> _TASK OBJECTIVE_
Look through the records below for the line holding "infsum (\<lambda>Q. (LINT x:Q|lborel.". Write it out exactly, with each following line through the line holding "an unconditional sum".

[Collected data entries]
(* Let $n\ge1$. For every permutation $\sigma$ of $\{1,\ldots,n\}$ let $P(\sigma)$ be its set-size record, and define $\mathrm{stackit}(\sigma)=S(P(\sigma))$ and $\mathrm{queueit}(\sigma)=Q(P(\sigma))$. Then $\mathrm{stackit}\circ\mathrm{stackit}=\mathrm{stackit}$ and its image is exactly the set of $312$-avoiding permutations, on which it is the identity; $\mathrm{queueit}\circ\mathrm{queueit}=\mathrm{queueit}$ and its image is exactly the set of $321$-avoiding permutations, on which it is the identity. Moreover, the restriction of $\mathrm{queueit}$ to $312$-avoiding permutations is a bijection onto the $321$-avoiding permutations, whose inverse is the restriction of $\mathrm{stackit}$ to $321$-avoiding permutations.
   Context: A weak Dyck path is a word in steps $U=(1,1)$, $D=(1,-1)$, $H=(1,0)$ starting and ending at height $0$ and never below $0$; it is peakless if no $U$ is immediately followed by $D$. Set-size record $P(\sigma)$: input $1,\ldots,n$ in order, a set (from which any element may be removed) initially empty. For $k=1,\ldots,n$ in turn, to output $\sigma_k$: if $\sigma_k$ is in the set, remove it to the output (step $D$); otherwise insert input elements into the set (one step $U$ each) until $\sigma_k$ is the next input element, then transfer it directly to output (step $H$). $P(\sigma)$ is the resulting word, a peakless weak Dyck path with $n$ steps of type $U$ or $H$. For such a path $P$, $S(P)$ (resp. $Q(P)$) is the output obtained by executing $P$ with a stack (resp. queue): input $1,\ldots,n$ in order; $U$ moves the next input element to the top of the stack (resp. back of the queue), $D$ moves the top of the stack (resp. front of the queue) to the end of the output, $H$ moves the next input element directly to the end of the output. A permutation avoids $312$ (resp. $321$) if there are no $i<j<k$ with $p_j<p_k<p_i$ (resp. $p_i>p_j>p_k$). *)

theory Defs
  imports Main
begin
definition dyadic :: "(real^'n::finite) set set" where
  "dyadic = {dcube k j | k j. True}"

definition side :: "(real^'n::finite) set \<Rightarrow> real" where
  "side Q = (THE l. \<exists>k j. Q = dcube k j \<and> l = 2 powr k)"

definition children :: "(real^'n::finite) set \<Rightarrow> (real^'n) set set" where
  "children R = {R' \<in> dyadic. R' \<subseteq> R \<and> side R' = side R / 2}"

definition subcubes :: "(real^'n::finite) set \<Rightarrow> nat \<Rightarrow> (real^'n) set set" where
  "subcubes Q m = {Q' \<in> dyadic. Q' \<subseteq> Q \<and> side Q' = side Q / 2 ^ m}"

definition haar_like :: "(real^'n::finite) set \<Rightarrow> (real^'n \<Rightarrow> complex) \<Rightarrow> bool" where
  "haar_like R h \<longleftrightarrow>
     (\<exists>c. \<forall>y. h y = (\<Sum>R'\<in>children R. c R' * indicator R' y)) \<and> (\<forall>y. norm (h y) \<le> 1)"

definition shift_comp ::
  "((real^'n::finite) set \<Rightarrow> real^'n \<Rightarrow> real^'n \<Rightarrow> real) \<Rightarrow> (real^'n) set
     \<Rightarrow> (real^'n \<Rightarrow> complex) \<Rightarrow> real^'n \<Rightarrow> complex" where
  "shift_comp s Q f x =
     (LINT y:Q|lborel. complex_of_real (s Q x y) * f y) / complex_of_real (measure lborel Q)"

text \<open>Truncated sum over the dyadic cubes Q (containing x) with e \<le> side Q \<le> u
  (a finite sum when e > 0).\<close>
definition shift_trunc ::
  "((real^'n::finite) set \<Rightarrow> real^'n \<Rightarrow> real^'n \<Rightarrow> real) \<Rightarrow> real \<Rightarrow> real
     \<Rightarrow> (real^'n \<Rightarrow> complex) \<Rightarrow> real^'n \<Rightarrow> complex" where
  "shift_trunc s e u f x =
     (\<Sum>Q\<in>{Q\<in>dyadic. x \<in> Q \<and> e \<le> side Q \<and> side Q \<le> u}. shift_comp s Q f x)"

text \<open>Positive generalized Haar shift, given by its (real, nonnegative) kernels s_Q,
  arising from the standard definition with complexity (m,n), with L^2 bound 1.\<close>
definition positive_haar_shift ::
  "((real^'n::finite) set \<Rightarrow> real^'n \<Rightarrow> real^'n \<Rightarrow> real) \<Rightarrow> bool" where
  "positive_haar_shift s \<longleftrightarrow>
     (\<forall>Q\<in>dyadic. \<forall>x y. 0 \<le> s Q x y \<and> s Q x y \<le> 1) \<and>
     (\<forall>Q\<in>dyadic. \<forall>x y. (x, y) \<notin> Q \<times> Q \<longrightarrow> s Q x y = 0) \<and>
     (\<exists>m n::nat. \<forall>Q\<in>dyadic. \<exists>H K :: (real^'n) set \<Rightarrow> (real^'n) set \<Rightarrow> real^'n \<Rightarrow> complex.
        (\<forall>Q'\<in>subcubes Q m. \<forall>R'\<in>subcubes Q n. haar_like R' (H Q' R') \<and> haar_like Q' (K Q' R')) \<and>
        (\<forall>x y. complex_of_real (s Q x y) =
           (\<Sum>Q'\<in>subcubes Q m. \<Sum>R'\<in>subcubes Q n. K Q' R' x * H Q' R' y))) \<and>
     (\<forall>e u. 0 < e \<longrightarrow> (\<forall>f::real^'n \<Rightarrow> complex.
        f \<in> borel_measurable lborel \<longrightarrow> integrable lborel (\<lambda>x. (norm (f x))\<^sup>2) \<longrightarrow>
        (\<integral>\<^sup>+ x. ennreal ((norm (shift_trunc s e u f x))\<^sup>2) \<partial>lborel)
          \<le> (\<integral>\<^sup>+ x. ennreal ((norm (f x))\<^sup>2) \<partial>lborel)))"

text \<open>Adjoint of a positive shift applied to a nonnegative function g, as an
  extended nonnegative real (sum of nonnegative terms):
  S^* g(y) = \<Sum>_Q |Q|^{-1} \<integral>_Q s_Q(x,y) g(x) dx.\<close>
definition pos_shift_adj ::
  "((real^'n::finite) set \<Rightarrow> real^'n \<Rightarrow> real^'n \<Rightarrow> real) \<Rightarrow> (real^'n \<Rightarrow> real) \<Rightarrow> real^'n \<Rightarrow> ennreal" where
  "pos_shift_adj s g y =
     (\<integral>\<^sup>+ Q. (\<integral>\<^sup>+ x\<in>Q. ennreal (s Q x y * g x) \<partial>lborel) / ennreal (measure lborel Q)
        \<partial>count_space dyadic)"

text \<open>Formal adjoint of the linearization
  L f(x) = e^{i\<theta>(x)} \<Sum>_{Q: \<epsilon>(x) \<le> side Q \<le> \<upsilon>(x)} S_Q f(x):
  L^* h(y) = \<Sum>_Q |Q|^{-1} \<integral>_Q s_Q(x,y) 1[\<epsilon>(x) \<le> side Q \<le> \<upsilon>(x)] e^{i\<theta>(x)} h(x) dx
  (unconditional sum over the dyadic cubes).\<close>
definition lin_adj ::
  "((real^'n::finite) set \<Rightarrow> real^'n \<Rightarrow> real^'n \<Rightarrow> real) \<Rightarrow> (real^'n \<Rightarrow> real) \<Rightarrow> (real^'n \<Rightarrow> real)
     \<Rightarrow> (real^'n \<Rightarrow> real) \<Rightarrow> (real^'n \<Rightarrow> complex) \<Rightarrow> real^'n \<Rightarrow> complex" where
  "lin_adj s \<theta> \<epsilon> \<upsilon> h y =
     infsum (\<lambda>Q. (LINT x:Q|lborel.
         complex_of_real (s Q x y) * (if \<epsilon> x \<le> side Q \<and> side Q \<le> \<upsilon> x then 1 else 0)
           * cis (\<theta> x) * h x) / complex_of_real (measure lborel Q)) dyadic"

definition enn_powr :: "ennreal \<Rightarrow> real \<Rightarrow> ennreal" where
  "enn_powr a r = (if a = \<infinity> then \<infinity> else ennreal (enn2real a powr r))"

definition wnorm :: "(real^'n::finite \<Rightarrow> real) \<Rightarrow> real \<Rightarrow> (real^'n \<Rightarrow> ennreal) \<Rightarrow> ennreal" where
  "wnorm \<sigma> q F = enn_powr (\<integral>\<^sup>+ y. enn_powr (F y) q * ennreal (\<sigma> y) \<partial>lborel) (1 / q)"

definition weight :: "(real^'n::finite \<Rightarrow> real) \<Rightarrow> bool" where
  "weight w \<longleftrightarrow> w \<in> borel_measurable lborel \<and> (\<forall>x. 0 \<le> w x) \<and>
     (\<forall>K. compact K \<longrightarrow> set_integrable lborel K w)"

definition wmeas :: "(real^'n::finite \<Rightarrow> real) \<Rightarrow> (real^'n) set \<Rightarrow> real" where
  "wmeas w E = (LINT x:E|lborel. w x)"

end

theory Submission
  imports Defs
begin

(* Positivity of the shift makes the theorem a domination argument.  Let Q be a
   dyadic cube and |g| <= M almost everywhere.  Each term of the formal adjoint
   L^*(1_Q g w)(y) is an average over a dyadic cube R of a function bounded by
   M s_R(x,y) 1_Q(x) w(x): the truncation indicator and the phase e^{i theta(x)}
   have modulus at most 1, while s_R and w are nonnegative.  Since the modulus of
   an unconditional sum is at most the sum of the moduli, this gives the pointwise
   bound |L^*(1_Q g w)| <= M S^*(1_Q w).  The weighted L^{p'}(sigma) norm is
   monotone and positively homogeneous, so the testing condition for S^* on Q
   yields the claimed bound with constant C M. *)

(* A finite constant can be pulled out of an upper integral; as the integrands
   below are not known to be measurable, the library's nn_integral_cmult does
   not apply, but the inequality holds for arbitrary f. *)
lemma nn_integral_cmult_le:
  fixes c :: ennreal
  assumes "c < \<infinity>"
  shows "(\<integral>\<^sup>+x. c * f x \<partial>M) \<le> c * integral\<^sup>N M f"
proof (cases "c = 0")
  case True then show ?thesis by simp
next
  case False
  have inv_c: "inverse c * c = 1" using False assms
    by (metis divide_ennreal_def ennreal_divide_self infinity_ennreal_def mult.commute)
  show ?thesis unfolding nn_integral_def[of M "\<lambda>x. c * f x"]
  proof (rule SUP_least)
    fix g assume g: "g \<in> {g. simple_function M g \<and> g \<le> (\<lambda>x. c * f x)}"
    let ?h = "\<lambda>x. inverse c * g x"
    have simple_h: "simple_function M ?h" using g by auto
    have "?h \<le> f"
    proof (rule le_funI)
      fix x
      have "g x \<le> c * f x" using g by (auto simp: le_fun_def)
      then have "inverse c * g x \<le> inverse c * (c * f x)" by (rule mult_left_mono) simp
      also have "\<dots> = f x" using inv_c by (simp add: mult.assoc[symmetric])
      finally show "?h x \<le> f x" .
    qed
    then have "integral\<^sup>S M ?h \<le> integral\<^sup>N M f"
      unfolding nn_integral_def using simple_h by (intro SUP_upper) auto
    moreover have "integral\<^sup>S M g = c * integral\<^sup>S M ?h"
    proof -
      have "integral\<^sup>S M g = integral\<^sup>S M (\<lambda>x. c * ?h x)"
        using inv_c by (simp add: mult.assoc[symmetric] mult.commute[of c])
      also have "\<dots> = c * integral\<^sup>S M ?h" using simple_h by simp
      finally show ?thesis .
    qed
    ultimately show "integral\<^sup>S M g \<le> c * integral\<^sup>N M f"
      by (simp add: mult_left_mono)
  qed
qed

> _TASK ANSWER_
     infsum (\<lambda>Q. (LINT x:Q|lborel.
         complex_of_real (s Q x y) * (if \<epsilon> x \<le> side Q \<and> side Q \<le> \<upsilon> x then 1 else 0)
           * cis (\<theta> x) * h x) / complex_of_real (measure lborel Q)) dyadic"

definition enn_powr :: "ennreal \<Rightarrow> real \<Rightarrow> ennreal" where
  "enn_powr a r = (if a = \<infinity> then \<infinity> else ennreal (enn2real a powr r))"

definition wnorm :: "(real^'n::finite \<Rightarrow> real) \<Rightarrow> real \<Rightarrow> (real^'n \<Rightarrow> ennreal) \<Rightarrow> ennreal" where
  "wnorm \<sigma> q F = enn_powr (\<integral>\<^sup>+ y. enn_powr (F y) q * ennreal (\<sigma> y) \<partial>lborel) (1 / q)"

definition weight :: "(real^'n::finite \<Rightarrow> real) \<Rightarrow> bool" where
  "weight w \<longleftrightarrow> w \<in> borel_measurable lborel \<and> (\<forall>x. 0 \<le> w x) \<and>
     (\<forall>K. compact K \<longrightarrow> set_integrable lborel K w)"

definition wmeas :: "(real^'n::finite \<Rightarrow> real) \<Rightarrow> (real^'n) set \<Rightarrow> real" where
  "wmeas w E = (LINT x:E|lborel. w x)"

end

theory Submission
  imports Defs
begin

(* Positivity of the shift makes the theorem a domination argument.  Let Q be a
   dyadic cube and |g| <= M almost everywhere.  Each term of the formal adjoint
   L^*(1_Q g w)(y) is an average over a dyadic cube R of a function bounded by
   M s_R(x,y) 1_Q(x) w(x): the truncation indicator and the phase e^{i theta(x)}
   have modulus at most 1, while s_R and w are nonnegative.  Since the modulus of
   an unconditional sum is at most the sum of the moduli, this gives the pointwise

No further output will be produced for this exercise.